Pollutant and greenhouse gas emission inventories provide essential information for policy makers, governments and subsidiary bodies to evaluate progress towards emission abatement measures, and decide on future strategies. Inventories use different methodologies between countries, and have large uncertainties related to both activity data and emission factors. The use of satellite data, notably the imagery of the atmospheric composition, should enhance the accuracy, timeliness and the spatial and temporal resolution of inventories.
The European Space Agency (ESA)-funded WORLD EMISSION project kicked-off on 4th of March 2022 and will last two years. The project aims to provide an enhanced global emission monitoring service by developing top down emissions estimates based on satellite data. These estimates based on proven methodologies from the science community will be compared with bottom-up inventories, in close collaboration with end-user organisations, to define related product target requirements.
Objective
The ambition of the WORLD EMISSION project’s team is to develop an emission inventory system with the following characteristics:
- Species to be monitored: CH4, CO2, H2O, NH3, SO2, NO2, PM, CO, CH3OH (methanol), CH2O (formaldehyde), CHOCHO (glyoxal), Isoprene.
- Increase spatial and temporal resolution of existing inventories by introducing high resolution satellite data.

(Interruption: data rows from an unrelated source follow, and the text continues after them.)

lemma inverse_trunc_mult_trunc:
  assumes g: "g \<in> group_polys d K" and h: "h \<in> group_polys d K"
  shows "inverse_trunc K (mult_trunc K g h) = mult_trunc K (inverse_trunc K h) (inverse_trunc K g)"
proof (rule inverse_trunc_unique[OF mult_trunc_in_group_polys[OF g h]])
  show "trunc K (mult_trunc K (inverse_trunc K h) (inverse_trunc K g))
      = mult_trunc K (inverse_trunc K h) (inverse_trunc K g)"
    by (simp add: mult_trunc_def)
  have "mult_trunc K (inverse_trunc K g) (mult_trunc K g h) = h"
    by (simp flip: mult_trunc_assoc add: mult_trunc_inverse_trunc_left[OF g] mult_trunc_1_left
        group_polys_trunc[OF h])
  then show "mult_trunc K (mult_trunc K (inverse_trunc K h) (inverse_trunc K g)) (mult_trunc K g h) = 1"
    by (simp add: mult_trunc_assoc mult_trunc_inverse_trunc_left[OF h])
qed

section \<open>Solving the barycentre equation degree by degree\<close>

lemma power_add_agree_below:
  fixes v u :: ncpoly
  assumes v: "vanishes_below 1 v" and u: "vanishes_below n u" and n: "1 \<le> n"
  shows "agree_below (Suc n) ((v + u) ^ l) (v ^ l + (if l = 1 then u else 0))"
proof (induction l)
  case 0
  then show ?case by simp
next
  case (Suc l)
  let ?X = "if l = 1 then u else 0"
  have X: "vanishes_below n ?X" using u by simp
  have "(v + u) ^ Suc l = (v + u) * (v + u) ^ l" by simp
  also have "agree_below (Suc n) \<dots> ((v + u) * (v ^ l + ?X))"
    by (intro agree_below_mult agree_below_refl Suc)
  also have "agree_below (Suc n) \<dots> (v ^ Suc l + (if Suc l = 1 then u else 0))"
  proof (cases l)
    case 0
    then show ?thesis by simp
  next
    case (Suc l')
    have "(v + u) * (v ^ l + ?X) - v ^ Suc l = v * ?X + u * v ^ l + u * ?X"
      by (simp add: algebra_simps)
    moreover have "vanishes_below (Suc n) (v * ?X)"
      using vanishes_below_mult[OF v X] by simp
    moreover have "vanishes_below (Suc n) (u * v ^ l)"
      using vanishes_below_mult[OF u vanishes_below_1_power[OF v, of l]] Suc vanishes_below_mono by fastforce
    moreover have "vanishes_below (Suc n) (u * ?X)"
      using vanishes_below_mult[OF u X] n vanishes_below_mono by fastforce
    ultimately show ?thesis
      using Suc by (simp add: agree_below_def vanishes_below_add)
  qed
  finally show ?case .
qed

lemma eval_upto_log1p_add_agree_below:
  fixes v u :: ncpoly
  assumes v: "vanishes_below 1 v" and u: "vanishes_below n u" and n: "1 \<le> n" and K: "1 \<le> K"
  shows "agree_below (Suc n) (eval_upto K log1p_fps (v + u)) (eval_upto K log1p_fps v + u)"
proof -
  have "agree_below (Suc n) (eval_upto K log1p_fps (v + u))
      (\<Sum>l\<le>K. scalar (fps_nth log1p_fps l) * (v ^ l + (if l = 1 then u else 0)))"
    unfolding eval_upto_def by (intro agree_below_sum agree_below_scalar_mult power_add_agree_below v u n)
  also have "\<dots> = eval_upto K log1p_fps v + (\<Sum>l\<le>K. scalar (fps_nth log1p_fps l) * (if l = 1 then u else 0))"
    by (simp only: eval_upto_def distrib_left sum.distrib)
  also have "(\<Sum>l\<le>K. scalar (fps_nth log1p_fps l) * (if l = 1 then u else 0)) = scalar (fps_nth log1p_fps 1) * u"
    using K by (simp add: if_distrib[of "(*) _"] sum.delta cong: if_cong)
  also have "eval_upto K log1p_fps v + scalar (fps_nth log1p_fps 1) * u = eval_upto K log1p_fps v + u"
    by (simp add: fps_ln_nth)
  finally show ?thesis .
qed

lemma eval_upto_expm1_agree_below:
  fixes z :: ncpoly
  assumes z: "vanishes_below n z" and n: "1 \<le> n" and K: "1 \<le> K"
  shows "agree_below (Suc n) (eval_upto K expm1_fps z) z"
proof -
  have "eval_upto K expm1_fps z
      = scalar (fps_nth expm1_fps 1) * z ^ 1 + (\<Sum>l\<in>{..K} - {1}. scalar (fps_nth expm1_fps l) * z ^ l)"
    unfolding eval_upto_def using K by (subst sum.remove[of _ 1]) auto
  moreover have "vanishes_below (Suc n) (\<Sum>l\<in>{..K} - {1}. scalar (fps_nth expm1_fps l) * z ^ l)"
  proof (rule vanishes_below_sum)
    fix l assume l: "l \<in> {..K} - {1}"
    show "vanishes_below (Suc n) (scalar (fps_nth expm1_fps l) * z ^ l)"
    proof (cases "l = 0")
      case False
      with l have "n * 2 \<le> n * l" by auto
      with n have "Suc n \<le> n * l" by linarith
      then show ?thesis
        using vanishes_below_power[OF z, of l] by (intro vanishes_below_scalar_mult) (rule vanishes_below_mono)
    qed simp
  qed
  ultimately show ?thesis by (simp add: agree_below_def)
qed

lemma ln_trunc_cong: "agree_below (Suc K) a b \<Longrightarrow> ln_trunc K a = ln_trunc K b"
  unfolding ln_trunc_def by (intro trunc_eqI eval_upto_agree_below agree_below_diff agree_below_refl)

lemma ln_trunc_mult_agree_below:
  fixes s u :: ncpoly
  assumes s: "vanishes_below 1 (s - 1)" and u: "vanishes_below n u" and n: "1 \<le> n" "n \<le> K"
  shows "agree_below (Suc n) (ln_trunc K ((1 + u) * s)) (ln_trunc K s + u)"
proof -
  let ?v = "s - 1" and ?u' = "u + u * (s - 1)"
  have uv: "vanishes_below (Suc n) (u * (s - 1))"
    using vanishes_below_mult[OF u s] by simp
  have u': "vanishes_below n ?u'"
    using u vanishes_below_mono[OF uv, of n] by (intro vanishes_below_add) auto
  have "ln_trunc K ((1 + u) * s) = trunc K (eval_upto K log1p_fps (?v + ?u'))"
    by (simp add: ln_trunc_def algebra_simps)
  also have "agree_below (Suc n) \<dots> (eval_upto K log1p_fps (?v + ?u'))"
    using trunc_agree_below agree_below_mono n by blast
  also have "agree_below (Suc n) \<dots> (eval_upto K log1p_fps ?v + ?u')"
    using n by (intro eval_upto_log1p_add_agree_below[OF s u']) auto
  also have "agree_below (Suc n) \<dots> (ln_trunc K s + u)"
    unfolding ln_trunc_def
  proof (rule agree_below_add)
    show "agree_below (Suc n) (eval_upto K log1p_fps ?v) (trunc K (eval_upto K log1p_fps ?v))"
      using agree_below_sym[OF trunc_agree_below] agree_below_mono n by blast
    show "agree_below (Suc n) ?u' u"
      using uv by (simp add: agree_below_def)
  qed
  finally show ?thesis .
qed

lemma ln_trunc_exp_trunc_mult_agree_below:
  assumes s: "vanishes_below 1 (s - 1)" and c: "vanishes_below n c" and n: "1 \<le> n" "n \<le> K"
  shows "agree_below (Suc n) (ln_trunc K (mult_trunc K (exp_trunc K c) s)) (ln_trunc K s + c)"
proof -
  let ?u = "eval_upto K expm1_fps c"
  have uc: "agree_below (Suc n) ?u c"
    using n by (intro eval_upto_expm1_agree_below c) auto
  have u: "vanishes_below n ?u"
    using agree_below_vanishes_below_iff[OF agree_below_mono[OF uc]] c by auto
  have "agree_below (Suc K) (mult_trunc K (exp_trunc K c) s) ((1 + ?u) * s)"
    unfolding mult_trunc_def exp_trunc_def eval_upto_exp_fps[symmetric]
    by (intro agree_below_trans[OF trunc_agree_below] agree_below_mult trunc_agree_below agree_below_refl)
  then have "ln_trunc K (mult_trunc K (exp_trunc K c) s) = ln_trunc K ((1 + ?u) * s)"
    by (rule ln_trunc_cong)
  also have "agree_below (Suc n) \<dots> (ln_trunc K s + ?u)"
    by (rule ln_trunc_mult_agree_below[OF s u n])
  also have "agree_below (Suc n) \<dots> (ln_trunc K s + c)"
    by (intro agree_below_add agree_below_refl uc)
  finally show ?thesis .
qed

definition log_sum :: "nat \<Rightarrow> nat \<Rightarrow> (nat \<Rightarrow> ncpoly) \<Rightarrow> ncpoly \<Rightarrow> ncpoly" where
  "log_sum K N xs m = (\<Sum>i<N. ln_trunc K (mult_trunc K (inverse_trunc K m) (xs i)))"

lemma log_sum_in_lie_polys:
  "\<forall>i<N. xs i \<in> group_polys d K \<Longrightarrow> m \<in> group_polys d K \<Longrightarrow> log_sum K N xs m \<in> lie_polys d K"
  unfolding log_sum_def
  by (intro lie_polys_sum ln_trunc_in_lie_polys mult_trunc_in_group_polys inverse_trunc_in_group_polys)
    auto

- New processing framework that is capable to work globally (at least, capable to manage the heterogeneities of different regions).
- Cover localized point source emissions from large industrial sites, hotspot emissions from oil, gas, and coal extraction basins forest fires and megacities, and regional and national scale emissions.
- Attribution of the anthropogenic sources to socioeconomic sectors.
- Merge the specific processing stages of each specie into a unified flow.